Sanità territoriale, inaugurata a Ponsacco la nuova Casa della Comunità
La struttura in via Caduti di Nassiriya rafforza i servizi di prossimità con medici di base, specialistica e diagnostica. Investimento di circa 4,5 milioni di euro
È stata inaugurata martedì 10 marzo a Ponsacco la nuova Casa della Comunità di via Caduti di Nassiriya, struttura pensata per potenziare l’assistenza sanitaria territoriale e avvicinare i servizi ai cittadini. L’intervento rientra nel programma di rafforzamento della sanità di prossimità collegato anche agli investimenti del Piano nazionale di ripresa e resilienza.
All’apertura erano presenti, tra gli altri, il presidente della Regione Toscana Eugenio Giani, il vicepresidente del Consiglio regionale Antonio Mazzeo e la direttrice generale dell’Asl Toscana nord ovest Maria Letizia Casani.
L’opera, ha spiegato Giani ai microfoni di Punto Radio Cascina Notizie durante un’intervista realizzata da Carlo Palotti, rappresenta uno degli elementi centrali della riorganizzazione dell’assistenza sul territorio. “Le Case della Comunità – ha detto – sviluppano il modello delle Case della Salute già sperimentato in Toscana. Qui i cittadini possono trovare medici di famiglia, servizi infermieristici, prelievi e specialistica in un unico punto di riferimento”.
La struttura si estende su circa 2.400 metri quadrati e ha richiesto un investimento di circa 4 milioni e mezzo di euro. L’obiettivo è offrire un presidio sanitario intermedio tra il domicilio e l’ospedale, permettendo ai cittadini di accedere a numerosi servizi senza doversi spostare verso strutture ospedaliere come quella di Pontedera.
Secondo Antonio Mazzeo, la nuova sede rappresenta “un luogo di prossimità per i cittadini”, dove sarà possibile effettuare prelievi, prenotazioni tramite il punto unico di accesso e, progressivamente, visite specialistiche e servizi di intervento rapido per i casi meno urgenti.
La direttrice generale dell’Asl Toscana nord ovest Maria Letizia Casani ha sottolineato che la struttura rispetta gli standard della riforma dell’assistenza territoriale previsti dal decreto ministeriale 77, ma introduce anche alcune dotazioni aggiuntive. Tra queste strumenti diagnostici come ecografo, elettrocardiografo, holter pressorio e sistemi di analisi rapida del sangue.
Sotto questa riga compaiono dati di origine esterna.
text \<open>Partitions of \<open>k + 2\<close> without a part \<open>1\<close> inject into the partitions of \<open>k\<close>:
  replace the smallest part \<open>s \<ge> 2\<close> by \<open>s - 2\<close> parts \<open>1\<close>.  The number of parts \<open>1\<close> of
  the image recovers \<open>s\<close>, hence the map is injective.\<close>
lemma card_partitions_without_one:
  "card {\<xi> \<in> partitions_of (Suc (Suc k)). 1 \<notin># \<xi>} \<le> npart k"
proof -
  define W where "W = {\<xi> \<in> partitions_of (Suc (Suc k)). 1 \<notin># \<xi>}"
  define s :: "nat multiset \<Rightarrow> nat" where "s \<xi> = Min (set_mset \<xi>)" for \<xi>
  define f where "f \<xi> = (\<xi> - {#s \<xi>#}) + replicate_mset (s \<xi> - 2) 1" for \<xi>
  have s_props: "s \<xi> \<in># \<xi>" "2 \<le> s \<xi>" "count \<xi> 1 = 0" if "\<xi> \<in> W" for \<xi>
  proof -
    from that have "\<xi> \<noteq> {#}" "\<forall>x\<in>#\<xi>. 0 < x \<and> x \<noteq> 1" "count \<xi> 1 = 0"
      by (auto simp: W_def partitions_of_def is_partition_def count_eq_zero_iff)
    then show "s \<xi> \<in># \<xi>" "2 \<le> s \<xi>" "count \<xi> 1 = 0"
      unfolding s_def by (auto intro!: Min_in)
  qed
  have "f \<xi> \<in> partitions_of k" if "\<xi> \<in> W" for \<xi>
  proof -
    have sum: "sum_mset \<xi> = Suc (Suc k)" and pos: "\<forall>x\<in>#\<xi>. 0 < x"
      using that by (auto simp: W_def partitions_of_def is_partition_def)
    have split: "\<xi> = add_mset (s \<xi>) (\<xi> - {#s \<xi>#})" using s_props(1)[OF that] by simp
    have "s \<xi> + sum_mset (\<xi> - {#s \<xi>#}) = Suc (Suc k)"
      using sum by (subst (asm) split) simp
    then have "sum_mset (f \<xi>) = k" using s_props(2)[OF that] by (simp add: f_def)
    moreover have "\<forall>x\<in>#f \<xi>. 0 < x" using pos by (auto simp: f_def dest: in_diffD)
    ultimately show ?thesis by (simp add: partitions_of_def is_partition_def)
  qed
  moreover have "inj_on f W"
  proof (rule inj_onI)
    fix \<xi> \<eta> assume in_W: "\<xi> \<in> W" "\<eta> \<in> W" and eq: "f \<xi> = f \<eta>"
    have count_one: "count (f \<zeta>) 1 = s \<zeta> - 2" if "\<zeta> \<in> W" for \<zeta>
      using s_props[OF that] by (simp add: f_def)
    have "s \<xi> - 2 = s \<eta> - 2" using eq count_one[OF in_W(1)] count_one[OF in_W(2)] by simp
    then have same_s: "s \<xi> = s \<eta>" using s_props(2)[OF in_W(1)] s_props(2)[OF in_W(2)] by linarith
    then have "\<xi> - {#s \<xi>#} = \<eta> - {#s \<eta>#}" using eq by (simp add: f_def)
    then show "\<xi> = \<eta>" using s_props(1)[OF in_W(1)] s_props(1)[OF in_W(2)] same_s
      by (metis insert_DiffM)
  qed
  ultimately have "card W \<le> card (partitions_of k)"
    by (intro card_inj_on_le[of f]) (auto simp: finite_partitions_of)
  then show ?thesis by (simp add: W_def npart_def)
qed

text \<open>Splitting by the presence of a part \<open>1\<close> gives the Fibonacci-type bound.\<close>
lemma npart_Suc_Suc_le: "npart (Suc (Suc k)) \<le> npart (Suc k) + npart k"
proof -
  let ?A = "partitions_of (Suc (Suc k))"
  have "npart (Suc (Suc k)) = card ({\<xi> \<in> ?A. 1 \<in># \<xi>} \<union> {\<xi> \<in> ?A. 1 \<notin># \<xi>})"
    unfolding npart_def by (rule arg_cong[where f = card]) blast
  also have "\<dots> = card {\<xi> \<in> ?A. 1 \<in># \<xi>} + card {\<xi> \<in> ?A. 1 \<notin># \<xi>}"
    by (rule card_Un_disjoint) (auto simp: finite_partitions_of)
  finally show ?thesis
    using card_partitions_with_one[of "Suc k"] card_partitions_without_one[of k] by simp
qed

section \<open>Counting pairs of partitions\<close>

definition pair_count :: "nat \<Rightarrow> nat" where
  "pair_count n = (\<Sum>a\<le>n. npart a * npart (n - a))"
Le apparecchiature saranno integrate con una sala di telemedicina per consulenze e refertazioni a distanza con gli ospedali della rete.
All’interno della Casa della Comunità saranno presenti medici di medicina generale, continuità assistenziale, infermieri di famiglia e servizi multispecialistici.
Previsto inoltre un punto di accoglienza aperto inizialmente dalle 8 alle 18, con l’obiettivo di estendere progressivamente l’orario fino alle 20, per orientare i cittadini tra i diversi servizi disponibili.
Caratteristiche della CdC di Ponsacco
Si tratta di una Casa della Comunità Spoke. L’investimento complessivo è di oltre quattro milioni di euro, finanziati anche con fondi PNRR, per una struttura di circa 2.800 metri quadrati, destinata all’assistenza medica, all’assistenza infermieristica e alla presa in carico dei bisogni socio-sanitari e di prossimità.
La struttura sorge in via Caduti di Nassiriya. Ha preso forma attraverso il completamento e l’ampliamento dell’edificio di tre piani già realizzato alle spalle del vecchio distretto in via di Rospicciano e che in origine avrebbe dovuto ospitare una Rsa.
I tre piani sono stati adeguati a ospitare la Casa della Comunità, che occupa il piano terra con ambulatori di medici di famiglia e specialisti, continuità assistenziale (ex guardia medica), Cup e uffici amministrativi, centro prelievi, servizio sociale e consultorio, mentre il Dipartimento ASL della prevenzione della Zona distretto Valdera occupa il primo e il secondo piano, con la medicina del lavoro, la medicina dello sport, l’igiene pubblica, la sanità veterinaria e la medicina legale.
La struttura di Ponsacco rientra a pieno titolo nella riorganizzazione dell’assistenza territoriale che stiamo portando avanti, come previsto e descritto nel DM 77 del 23 maggio 2022, di concerto con la Regione Toscana e le amministrazioni comunali.
Alla base di questo modello ci sono le Case della Comunità (HUB e SPOKE), con il coinvolgimento degli ambulatori di Medicina Generale (MMG) e dei pediatri di libera scelta (PLS) per garantire assistenza capillare in tutto il territorio.
Il modello organizzativo multidisciplinare della CdC prevede quindi la partecipazione all'interno della struttura di equipe multiprofessionali che includono – oltre a MMG e PLS - di Specialisti Ambulatoriali interni (SAI), Infermieri di famiglia e comunità (IFeC), Psicologi e personale sociosanitario.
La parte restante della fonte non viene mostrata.